Ladbrokes has said it will focus on delivering several key technology developments in the second half of the year, following a significant decline in digital profits.
The betting company had anticipated some decline in digital profits, due to increased marketing costs and withdrawal from certain international markets, but revealed in a profit warning last month that the decline had been “exacerbated” by delays in the delivery of certain technology projects.
One of the delayed IT projects was the transfer of all customers to a new website by the Euro 2012 football tournament, which took place in June. The migration was postponed due to negative feedback.
In the company’s financial results for the half year ended 30 June 2012, Ladbrokes chief executive Richard Glynn said today: “During Q4 we will deliver our new sportsbook, and begin the subsequent migration of all active customers [continuing into Q1 2013]. Our new mobile platform, which is reliant on the same technology, will then follow.”
Ladbrokes plans to begin beta testing its new mobile platform during the first quarter of 2013, and expects to migrate customers once the testing is complete. Furthermore, it hopes to deploy a new active data warehouse, currently being used by its traders, to its marketing team by the end of the year, saying that the improved analytics will give its marketing staff a single, cross-channel and cross-product view of all transactional data.
“The active data warehouse, now in use to underpin our new trading fieldbook, will be deployed further in Q4, providing enhanced analytics to our marketing teams. This then facilitates the subsequent development of our customer relationship management (CRM) capabilities,” Glynn said.
He added: “We will also extend the use of recent enhancements in our trading systems to cover further core sporting products.
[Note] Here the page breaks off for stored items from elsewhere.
(* Let $G$ be a simple, undirected, connected bipartite graph on $N$ vertices with edge set $E$ and degrees $d_j$. Let $\lambda_2$ be the second largest eigenvalue of the transition matrix $P$ of the simple random walk on $G$, and set $$k=\left\lfloor\frac{\lambda_2(N-1)+1}{\lambda_2+1}\right\rfloor,\qquad \theta=\lambda_2(N-k-2)-k+2.$$ Then $$R^+(G)\le N\left(\frac12+\frac{N-k-3}{1-\lambda_2}+\frac{k}{2}+\frac{1}{\theta}\right)+\frac{1}{1-\lambda_2}\left(2|E|\sum_{j}\frac{1}{d_j}-N\right).$$
   Context: $P=(p(v,w))$ is the $N\times N$ matrix with $p(v,w)=1/d_v$ if $v,w$ are adjacent and $0$ otherwise; its eigenvalues are real, $1=\lambda_1>\lambda_2\ge\cdots\ge\lambda_N\ge-1$. For vertices $i,j$, $R_{ij}$ denotes the effective resistance between $i$ and $j$ when every edge is a unit resistor. The additive degree-Kirchhoff index is $R^+(G)=\sum_{i<j}(d_i+d_j)R_{ij}$. *)

theory Defs
  imports "Jordan_Normal_Form.Char_Poly" "HOL-Library.Multiset"
begin

definition simple_graph :: "nat \<Rightarrow> (nat \<Rightarrow> nat \<Rightarrow> bool) \<Rightarrow> bool" where
  "simple_graph N E \<longleftrightarrow>
     (\<forall>u v. E u v \<longrightarrow> u < N \<and> v < N) \<and>
     (\<forall>u v. E u v \<longrightarrow> E v u) \<and> (\<forall>u. \<not> E u u)"

definition connected_graph :: "nat \<Rightarrow> (nat \<Rightarrow> nat \<Rightarrow> bool) \<Rightarrow> bool" where
  "connected_graph N E \<longleftrightarrow> (\<forall>u<N. \<forall>v<N. E\<^sup>*\<^sup>* u v)"

definition bipartite_graph :: "nat \<Rightarrow> (nat \<Rightarrow> nat \<Rightarrow> bool) \<Rightarrow> bool" where
  "bipartite_graph N E \<longleftrightarrow>
     (\<exists>S. S \<subseteq> {0..<N} \<and> (\<forall>u v. E u v \<longrightarrow> (u \<in> S \<longleftrightarrow> v \<notin> S)))"

definition deg :: "nat \<Rightarrow> (nat \<Rightarrow> nat \<Rightarrow> bool) \<Rightarrow> nat \<Rightarrow> nat" where
  "deg N E v = card {w \<in> {0..<N}. E v w}"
We remain confident that a combination of these developments, together with continued improvements to CRM throughout 2013, will allow us to grow our digital business significantly.”
Ladbrokes also re-confirmed that its digital profits had nearly halved since last year, standing at £15 million for the first half of 2012, down 49.5 percent from £29.7 million.
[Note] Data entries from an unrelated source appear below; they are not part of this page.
theorem proposition3p1:
  fixes k :: nat
  assumes "k \<ge> 1"
  shows
   "(\<forall>(B::'a::{ab_group_add,finite} multiset) U.
        zero_sum B \<and> maxL B = k + 1 \<and> min_zero_sum U \<and> U \<subseteq># B \<longrightarrow>
          maxL (B - U) \<le> k \<and>
          (maxL (B - U) = k \<longleftrightarrow> (\<exists>Z. factorization Z B \<and> size Z = k + 1 \<and> U \<in># Z)))
    \<and> Dk TYPE('a) (k + 1) \<le> Dk TYPE('a) k +
        Min {size U | (U::'a multiset) B. min_zero_sum U \<and> U \<subseteq># B \<and> zero_sum B \<and>
                           maxL B = k + 1 \<and> size B = Dk TYPE('a) (k + 1)}
    \<and> (\<forall>l::nat. l \<ge> 1 \<longrightarrow>
          enat (Dk TYPE('a) (k + 1)) \<le> max (enat (Dk TYPE('a) k + l)) (s_le TYPE('a) l - 1))
    \<and> (enat (Dk TYPE('a) k) \<ge> eta TYPE('a) - 1 - enat (exp_grp TYPE('a)) \<longrightarrow>
          Dk TYPE('a) (k + 1) \<le> Dk TYPE('a) k + exp_grp TYPE('a))"
proof -
  have k: "0 < k" using assms by simp
  show ?thesis
  proof (intro conjI allI impI)
    fix B U :: "'a multiset"
    assume "zero_sum B \<and> maxL B = k + 1 \<and> min_zero_sum U \<and> U \<subseteq># B"
    then show "maxL (B - U) \<le> k"
      and "maxL (B - U) = k \<longleftrightarrow> (\<exists>Z. factorization Z B \<and> size Z = k + 1 \<and> U \<in># Z)"
      using maxL_diff_min_zero_sum_le maxL_diff_min_zero_sum_eq_iff by blast+
  next
    show "Dk TYPE('a) (k + 1) \<le> Dk TYPE('a) k +
          Min {size U | (U::'a multiset) B. min_zero_sum U \<and> U \<subseteq># B \<and> zero_sum B \<and>
                             maxL B = k + 1 \<and> size B = Dk TYPE('a) (k + 1)}"
      by (rule Dk_Suc_le_Dk_plus_Min[OF k])
  next
    fix l :: nat
    show "enat (Dk TYPE('a) (k + 1)) \<le> max (enat (Dk TYPE('a) k + l)) (s_le TYPE('a) l - 1)"
      by (rule Dk_Suc_le_max_s_le[OF k])
  next
    assume "eta TYPE('a) - 1 - enat (exp_grp TYPE('a)) \<le> enat (Dk TYPE('a) k)"
    then show "Dk TYPE('a) (k + 1) \<le> Dk TYPE('a) k + exp_grp TYPE('a)"
      by (rule Dk_Suc_le_Dk_plus_exp[OF k])
  qed
qed

end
Despite the poor performance in its digital business, the company’s overall group revenue and operating profit grew by 8.4 percent and 11 percent, respectively.
Meanwhile, the company has appointed its IT director Mark Grimes to its board after the resignation of digital executive Richard Ames.
Ames, who was head of product responsible for IT and trading at Ladbrokes, resigned as a director of the company yesterday (1 August).
“Director of IT Mark Grimes will join the executive committee to ensure technology delivery is given increased profile and scrutiny,” Ladbrokes said.